◆ TASK GOAL
From the first line of the entries below to the line with "pairs of distinct", give each line again exactly.

─── DATA EXTRACTS ───

definition A_set :: "nat \<Rightarrow> (nat \<Rightarrow> 'a) \<Rightarrow> (nat \<Rightarrow> nat \<Rightarrow> 'a set) \<Rightarrow> nat \<Rightarrow> 'a set" where
  "A_set n v S i = S_row n S i \<union> T_plus n v S i"

definition B_set :: "nat \<Rightarrow> (nat \<Rightarrow> 'a) \<Rightarrow> (nat \<Rightarrow> nat \<Rightarrow> 'a set) \<Rightarrow> nat \<Rightarrow> 'a set" where
  "B_set n v S j = S_col n S j \<union> T_minus n v S j"

end

theory Submission
  imports Defs
begin

text \<open>For a digraph \<open>D\<close>, the cells
  \<open>C\<^sub>i\<^sub>j = N\<^sup>-(v\<^sub>i) \<inter> N\<^sup>+(v\<^sub>j)\<close> form a double indexed edge clique partition of its double
  competition multigraph: a pair \<open>x, y\<close> lies in \<open>C\<^sub>i\<^sub>j\<close> exactly when \<open>v\<^sub>i\<close> is a common
  out-neighbour and \<open>v\<^sub>j\<close> a common in-neighbour, so it lies in
  \<open>|N\<^sup>+(x) \<inter> N\<^sup>+(y)| \<cdot> |N\<^sup>-(x) \<inter> N\<^sup>-(y)|\<close> cells. If \<open>D\<close> is reflexive, then \<open>A\<^sub>i = N\<^sup>-(v\<^sub>i)\<close>
  and \<open>B\<^sub>j = N\<^sup>+(v\<^sub>j)\<close>, whence \<open>A\<^sub>i \<inter> B\<^sub>j = C\<^sub>i\<^sub>j\<close> and \<open>v\<^sub>i \<in> C\<^sub>i\<^sub>i\<close>.
  Conversely, given a partition \<open>S\<close> with (I) and (III), take the arcs \<open>x \<rightarrow> v\<^sub>i\<close> for
  \<open>x \<in> A\<^sub>i\<close>. Since \<open>v\<^sub>k \<in> A\<^sub>i \<longleftrightarrow> v\<^sub>i \<in> B\<^sub>k\<close>, this digraph has \<open>N\<^sup>-(v\<^sub>i) = A\<^sub>i\<close> and
  \<open>N\<^sup>+(v\<^sub>j) = B\<^sub>j\<close>; it is reflexive by (III), and by (I) its cells contain the same
  pairs of distinct vertices as the \<open>S\<^sub>i\<^sub>j\<close>, so the count above yields \<open>m\<close>.\<close>

lemma card_pairs_bij_betw:
  assumes v: "bij_betw v I V" and "X \<subseteq> V" and "Y \<subseteq> V"
  shows "card {(i, j). i \<in> I \<and> j \<in> I \<and> v i \<in> X \<and> v j \<in> Y} = card X * card Y"
proof -
  have card_preimage: "card {i \<in> I. v i \<in> Z} = card Z" if "Z \<subseteq> V" for Z
  proof (rule bij_betw_same_card, rule bij_betw_subset[OF v])
    show "v ` {i \<in> I. v i \<in> Z} = Z" using that bij_betw_imp_surj_on[OF v] by auto
  qed auto
  have "{(i, j). i \<in> I \<and> j \<in> I \<and> v i \<in> X \<and> v j \<in> Y} = {i \<in> I. v i \<in> X} \<times> {j \<in> I. v j \<in> Y}"
    by auto
  then show ?thesis
    using card_preimage assms(2,3) by (simp add: card_cartesian_product)
qed

lemma card_common_cells:
  assumes "is_digraph_on V A" and "bij_betw v I V"
  shows "card {(i, j). i \<in> I \<and> j \<in> I \<and>
                x \<in> in_nbr A (v i) \<inter> out_nbr A (v j) \<and> y \<in> in_nbr A (v i) \<inter> out_nbr A (v j)}
    = card (out_nbr A x \<inter> out_nbr A y) * card (in_nbr A x \<inter> in_nbr A y)"
proof -
  have "{(i, j). i \<in> I \<and> j \<in> I \<and>
                x \<in> in_nbr A (v i) \<inter> out_nbr A (v j) \<and> y \<in> in_nbr A (v i) \<inter> out_nbr A (v j)}
      = {(i, j). i \<in> I \<and> j \<in> I \<and>
                v i \<in> out_nbr A x \<inter> out_nbr A y \<and> v j \<in> in_nbr A x \<inter> in_nbr A y}"
    by (auto simp: in_nbr_def out_nbr_def)
  also have "card \<dots> = card (out_nbr A x \<inter> out_nbr A y) * card (in_nbr A x \<inter> in_nbr A y)"
    using assms by (intro card_pairs_bij_betw) (auto simp: is_digraph_on_def in_nbr_def out_nbr_def)
  finally show ?thesis .
qed

lemma cell_is_clique:
  assumes "finite V" and "is_digraph_on V A" and "is_double_competition_multigraph V m A"
  shows "is_clique V m (in_nbr A a \<inter> out_nbr A b)"
  unfolding is_clique_def
proof (intro conjI ballI impI)
  show "in_nbr A a \<inter> out_nbr A b \<subseteq> V"
    using assms(2) by (auto simp: is_digraph_on_def in_nbr_def)
next
  fix x y assume x: "x \<in> in_nbr A a \<inter> out_nbr A b" and y: "y \<in> in_nbr A a \<inter> out_nbr A b"
    and "x \<noteq> y"
  have nbrs_finite: "finite (out_nbr A z)" "finite (in_nbr A z)" for z
    using assms(1,2) by (auto simp: is_digraph_on_def in_nbr_def out_nbr_def intro: finite_subset)
  have "a \<in> out_nbr A x \<inter> out_nbr A y" and "b \<in> in_nbr A x \<inter> in_nbr A y"
    using x y by (auto simp: in_nbr_def out_nbr_def)
  then have "card (out_nbr A x \<inter> out_nbr A y) > 0" and "card (in_nbr A x \<inter> in_nbr A y) > 0"
    using nbrs_finite by (auto simp: card_gt_0_iff)
  moreover have "x \<in> V" and "y \<in> V"
    using x y assms(2) by (auto simp: is_digraph_on_def in_nbr_def)
  ultimately show "1 \<le> m {x, y}"
    using assms(3) \<open>x \<noteq> y\<close> by (simp add: is_double_competition_multigraph_def)
qed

───

◆ SOLUTION TO THIS PROBLEM
definition A_set :: "nat \<Rightarrow> (nat \<Rightarrow> 'a) \<Rightarrow> (nat \<Rightarrow> nat \<Rightarrow> 'a set) \<Rightarrow> nat \<Rightarrow> 'a set" where
  "A_set n v S i = S_row n S i \<union> T_plus n v S i"

definition B_set :: "nat \<Rightarrow> (nat \<Rightarrow> 'a) \<Rightarrow> (nat \<Rightarrow> nat \<Rightarrow> 'a set) \<Rightarrow> nat \<Rightarrow> 'a set" where
  "B_set n v S j = S_col n S j \<union> T_minus n v S j"

end

theory Submission
  imports Defs
begin

text \<open>For a digraph \<open>D\<close>, the cells
  \<open>C\<^sub>i\<^sub>j = N\<^sup>-(v\<^sub>i) \<inter> N\<^sup>+(v\<^sub>j)\<close> form a double indexed edge clique partition of its double
  competition multigraph: a pair \<open>x, y\<close> lies in \<open>C\<^sub>i\<^sub>j\<close> exactly when \<open>v\<^sub>i\<close> is a common
  out-neighbour and \<open>v\<^sub>j\<close> a common in-neighbour, so it lies in
  \<open>|N\<^sup>+(x) \<inter> N\<^sup>+(y)| \<cdot> |N\<^sup>-(x) \<inter> N\<^sup>-(y)|\<close> cells. If \<open>D\<close> is reflexive, then \<open>A\<^sub>i = N\<^sup>-(v\<^sub>i)\<close>
  and \<open>B\<^sub>j = N\<^sup>+(v\<^sub>j)\<close>, whence \<open>A\<^sub>i \<inter> B\<^sub>j = C\<^sub>i\<^sub>j\<close> and \<open>v\<^sub>i \<in> C\<^sub>i\<^sub>i\<close>.
  Conversely, given a partition \<open>S\<close> with (I) and (III), take the arcs \<open>x \<rightarrow> v\<^sub>i\<close> for
  \<open>x \<in> A\<^sub>i\<close>. Since \<open>v\<^sub>k \<in> A\<^sub>i \<longleftrightarrow> v\<^sub>i \<in> B\<^sub>k\<close>, this digraph has \<open>N\<^sup>-(v\<^sub>i) = A\<^sub>i\<close> and
  \<open>N\<^sup>+(v\<^sub>j) = B\<^sub>j\<close>; it is reflexive by (III), and by (I) its cells contain the same
  pairs of distinct vertices as the \<open>S\<^sub>i\<^sub>j\<close>, so the count above yields \<open>m\<close>.\<close>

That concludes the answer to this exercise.